FIGURE 75.3. Tension band wiring: K-wires provide stabilization and wire loops exert compression across the fracture line.
FIGURE 75.4. Interosseous wiring: A. Two-wire loops at 90° angles to each other (90° to 90°) or (B) parallel wires provide both stabilization and compression.
Intramedullary Fixation
The use of intramedullary fixation may be suitable for transverse fractures. Steinmann pins or multiple K-wires are used (Figure 75.5).6 The devices are completely intraosseous and their removal is not necessary. Potential disadvantages are rotational instability and pin migration. They are difficult to apply in spiral or long oblique fractures.
FIGURE 75.5. Intra medullary fixation of a metacarpal fracture with anterograde insertion of prebent K-wires. A. During placement. B. Wires are trimmed after placement.

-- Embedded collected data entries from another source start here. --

(* Let $\nu$ be a sub-Gaussian probability measure on $\mathbb{R}$ and $c_1,C>0$ constants such that a vector $X\in\mathbb{R}^d$ with i.i.d. entries from $\nu$ satisfies $\mathbb{P}(\|X\|\ge\sqrt d+t)\le Ce^{-c_1t^2}$ for $t\ge0$. Let $X_1,X_2,\dots$ be i.i.d. such vectors with law $\mu$, and $\mu_n=\frac1n\sum_{i=1}^n\delta_{X_i}$. Let $\delta>0$ with $c_1\delta^2>8$. Then almost surely \[ \sup_{\sigma\in[\delta,\sqrt n],\ i=1,\dots,n}\Big|\log\Big(\int f_\sigma(X_i,x')\,d\mu_n(x')\Big)-\log\Big(\int f_\sigma(X_i,x')\,d\mu(x')\Big)\Big|=O\big(n^{4/(c_1\delta^2)-1/2}\sqrt{\log n}\big). \]
   Context: $f_\sigma(x,x')=\exp(-\|x-x'\|^2/2\sigma^2)$. *)

theory Defs
  imports "HOL-Probability.Probability"
begin

definition subgaussian :: "real measure \<Rightarrow> bool" where
  "subgaussian \<nu> \<longleftrightarrow>
     (\<exists>K>0. \<forall>t\<ge>0. measure \<nu> {x\<in>space \<nu>. \<bar>x\<bar> \<ge> t} \<le> 2 * exp (- (t^2) / K^2))"

definition iid_vec_law :: "real measure \<Rightarrow> (real ^ 'd) measure" where
  "iid_vec_law \<nu> = distr (PiM UNIV (\<lambda>_::'d. \<nu>)) borel (\<lambda>f. vec_lambda f)"

definition gauss_kernel :: "real \<Rightarrow> 'a::real_normed_vector \<Rightarrow> 'a \<Rightarrow> real" where
  "gauss_kernel \<sigma> x x' = exp (- ((norm (x - x'))\<^sup>2) / (2 * \<sigma>\<^sup>2))"

end

theory Submission
  imports Defs "HOL-Real_Asymp.Real_Asymp"
begin
(* Let $\sigma:\mathbb{R}\to\mathbb{R}$ be bounded and differentiable with bounded derivative. Let $d_1,d_2,\kappa,L,n,K_n\in\mathbb{N}$ with $\kappa\le\min\{d_1,d_2\}$ and $L\ge2$, and consider the network $f_{\mathbf{w}}$ described in the context with architecture $M_1=M_{L+1}=\kappa$, $M_2=\dots=M_L=1$, $k_1=\dots=k_{L-1}=2\kappa^2$, $k_0=k_L=1$. Let $(\mathbf{X}_1,Y_1),\dots,(\mathbf{X}_n,Y_n)\in[0,1]^{D}\times\{0,1\}$, let $c_4>0$, and define $$F_n(\mathbf{w})=\frac1n\sum_{i=1}^n|Y_i-f_{\mathbf{w}}(\mathbf{X}_i)|^2+c_4\sum_{k=1}^{K_n}w_k^2 .$$ Let $t_n,L_n>0$ with $t_n\ge L_n$, let $\gamma_n^*\ge1$, $B_n\ge1$, and let $\mathbf{w},\mathbf{v}$ be weight vectors such that $|w_k|\le\gamma_n^*$ for $k=1,\dots,K_n$, $|w^{(r)}_{s_2,k}|\le B_n$ and $|w^{(r)}_{t_1,t_2,s_1,s_2,k}|\le B_n$ for all indices with $r=2,\dots,L$, and $$\|\mathbf{w}-\mathbf{v}\|_\infty^2\le\frac{2t_n}{L_n}\max\{F_n(\mathbf{v}),1\}.$$ Then $$\|(\nabla_{\mathbf{w}}F_n)(\mathbf{w})\|\le c_8\cdot K_n^{3/2}\cdot B_n^{2L}\cdot(\gamma_n^* )^2\cdot\sqrt{\frac{t_n}{L_n}\max\{F_n(\mathbf{v}),1\}},$$ where $c_8>0$ is a constant not depending on $n$, $K_n$, $B_n$, $\gamma_n^*$, $t_n$, $L_n$, $\mathbf{w}$, $\mathbf{v}$ or the data.
   Context: $D=\{1,\dots,d_1\}\times\{1,\dots,d_2\}$ and $[0,1]^D$ is the set of families $(x_{i,j})_{(i,j)\in D}$ with entries in $[0,1]$. Network: for $k\in\{1,\dots,K_n\}$ and $(i,j)\in D$, $o^{(0)}_{(i,j),1,k}=x_{i,j}$ and for $r=1,\dots,L$, $s_2\in\{1,\dots,k_r\}$, $$o^{(r)}_{(i,j),s_2,k}=\sigma\Big(\sum_{s_1=1}^{k_{r-1}}\sum_{t_1,t_2\in\{1,\dots,M_r\},\,(i+t_1-1,j+t_2-1)\in D} w^{(r)}_{t_1,t_2,s_1,s_2,k}\, o^{(r-1)}_{(i+t_1-1,j+t_2-1),s_1,k}+w^{(r)}_{s_2,k}\Big),$$ $f_{\mathbf{w}_k,\mathbf{w}_{bias,k}}(\mathbf{x})=\frac{1}{(d_1-M_{L+1}+1)(d_2-M_{L+1}+1)}\sum_{i=1}^{d_1-M_{L+1}+1}\sum_{j=1}^{d_2-M_{L+1}+1}o^{(L)}_{(i,j),1,k}$, and $f_{\mathbf{w}}(\mathbf{x})=\sum_{k=1}^{K_n}w_kf_{\mathbf{w}_k,\mathbf{w}_{bias,k}}(\mathbf{x})$. The weight vector $\mathbf{w}$ collects all $w_k$, $w^{(r)}_{t_1,t_2,s_1,s_2,k}$, $w^{(r)}_{s_2,k}$; $\nabla_{\mathbf{w}}$ is the gradient with respect to all these components, $\|\cdot\|$ the Euclidean norm and $\|\cdot\|_\infty$ the maximum of absolute values of components. *)

theory Defs
  imports "HOL-Analysis.Analysis"
begin

text \<open>Indices of the weight vector: outer weights w_k, convolution weights
  w^(r)_{t1,t2,s1,s2,k} and bias weights w^(r)_{s2,k}.\<close>
datatype widx = Outer nat | Conv nat nat nat nat nat nat | Bias nat nat nat

definition pix :: "nat \<Rightarrow> nat \<Rightarrow> (nat \<times> nat) set" where
  "pix d1 d2 = {1..d1} \<times> {1..d2}"

text \<open>Outputs o^(r)_{p,s,k} of the k-th convolutional network; M r is the filter
  size of layer r, kc r the number of channels of layer r.\<close>
primrec cnn_o :: "(real \<Rightarrow> real) \<Rightarrow> nat \<Rightarrow> nat \<Rightarrow> (nat \<Rightarrow> nat) \<Rightarrow> (nat \<Rightarrow> nat)
    \<Rightarrow> (widx \<Rightarrow> real) \<Rightarrow> nat \<Rightarrow> (nat \<times> nat \<Rightarrow> real) \<Rightarrow> nat \<Rightarrow> nat \<times> nat \<Rightarrow> nat \<Rightarrow> real" where
  "cnn_o \<sigma> d1 d2 M kc w k x 0 p s = x p"
| "cnn_o \<sigma> d1 d2 M kc w k x (Suc r) p s2 =
     \<sigma> ((\<Sum>s1\<in>{1..kc r}. \<Sum>t1\<in>{1..M (Suc r)}. \<Sum>t2\<in>{1..M (Suc r)}.
            (if (fst p + t1 - 1, snd p + t2 - 1) \<in> pix d1 d2
             then w (Conv (Suc r) t1 t2 s1 s2 k) *
                  cnn_o \<sigma> d1 d2 M kc w k x r (fst p + t1 - 1, snd p + t2 - 1) s1
             else 0))
        + w (Bias (Suc r) s2 k))"

definition cnn_fk :: "(real \<Rightarrow> real) \<Rightarrow> nat \<Rightarrow> nat \<Rightarrow> nat \<Rightarrow> (nat \<Rightarrow> nat) \<Rightarrow> (nat \<Rightarrow> nat)
    \<Rightarrow> (widx \<Rightarrow> real) \<Rightarrow> nat \<Rightarrow> (nat \<times> nat \<Rightarrow> real) \<Rightarrow> real" where
  "cnn_fk \<sigma> d1 d2 L M kc w k x =
     (1 / (real (d1 - M (L+1) + 1) * real (d2 - M (L+1) + 1))) *
     (\<Sum>i\<in>{1..d1 - M (L+1) + 1}. \<Sum>j\<in>{1..d2 - M (L+1) + 1}.
        cnn_o \<sigma> d1 d2 M kc w k x L (i, j) 1)"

FIGURE 75.6. Lag screw principle (compression screw): A. Drilling of hole across both fragments. B. Countersinking. C. Screw length determination. D. Drilling of glide hole with larger drill bit. E. Tightening the lag screw. F. Two or three lag screws assure stability.
Compression Screws
Compression can be applied between the fracture fragments using the lag screw principle. This is done by using screws with a small length of thread at the tip and a smooth shank between the threaded portion and the tip. Fully threaded screws can also act as lag screws if the proximal cortex is over-drilled so that the proximal hole acts as a glide hole (Figure 75.6). Compression of two bone fragments with lag screws can be applied in long oblique and spiral fractures, where the fracture length is at least twice the bone width. Proper holding of the accurately reduced fragments with appropriate clamps is essential for successful lag screw osteosynthesis.
Plate Fixation
The main benefits of osteosynthesis with plates and screws are rigid fixation and maintenance of bone length. The technique is indicated in metacarpal fractures, especially with multiple fractures, and for the reconstruction of malunion and nonunion. Compression plates are designed to provide compression across the fracture line. Tightening the screw in an eccentrically placed drill hole creates a force vector in the longitudinal direction. The screw head progressively pulls the plate along with already fixed fracture portion toward the other fragment (Figure 75.7). Due to the need for extensive dissection, plate fixation is associated with a higher rate of extensor tendon adhesion formation, often necessitating tenolysis. Despite the development of thinner plates, some bulkiness remains and plates may require removal.
External Fixation
External fixation is used in complex fractures where anatomic reconstruction is not feasible. For example, highly comminuted fractures with bone loss, gunshot wounds, and fractures with severe soft tissue damage and/or contamination may be best treated by external fixation. The external fixator bridges across the fracture, thus stabilizing the bone fragments and maintaining length until soft tissue healing occurs. As the manipulation of the fracture site is minimal, preservation of the vascular supply is possible. The high stability of external fixator systems permits early mobilization.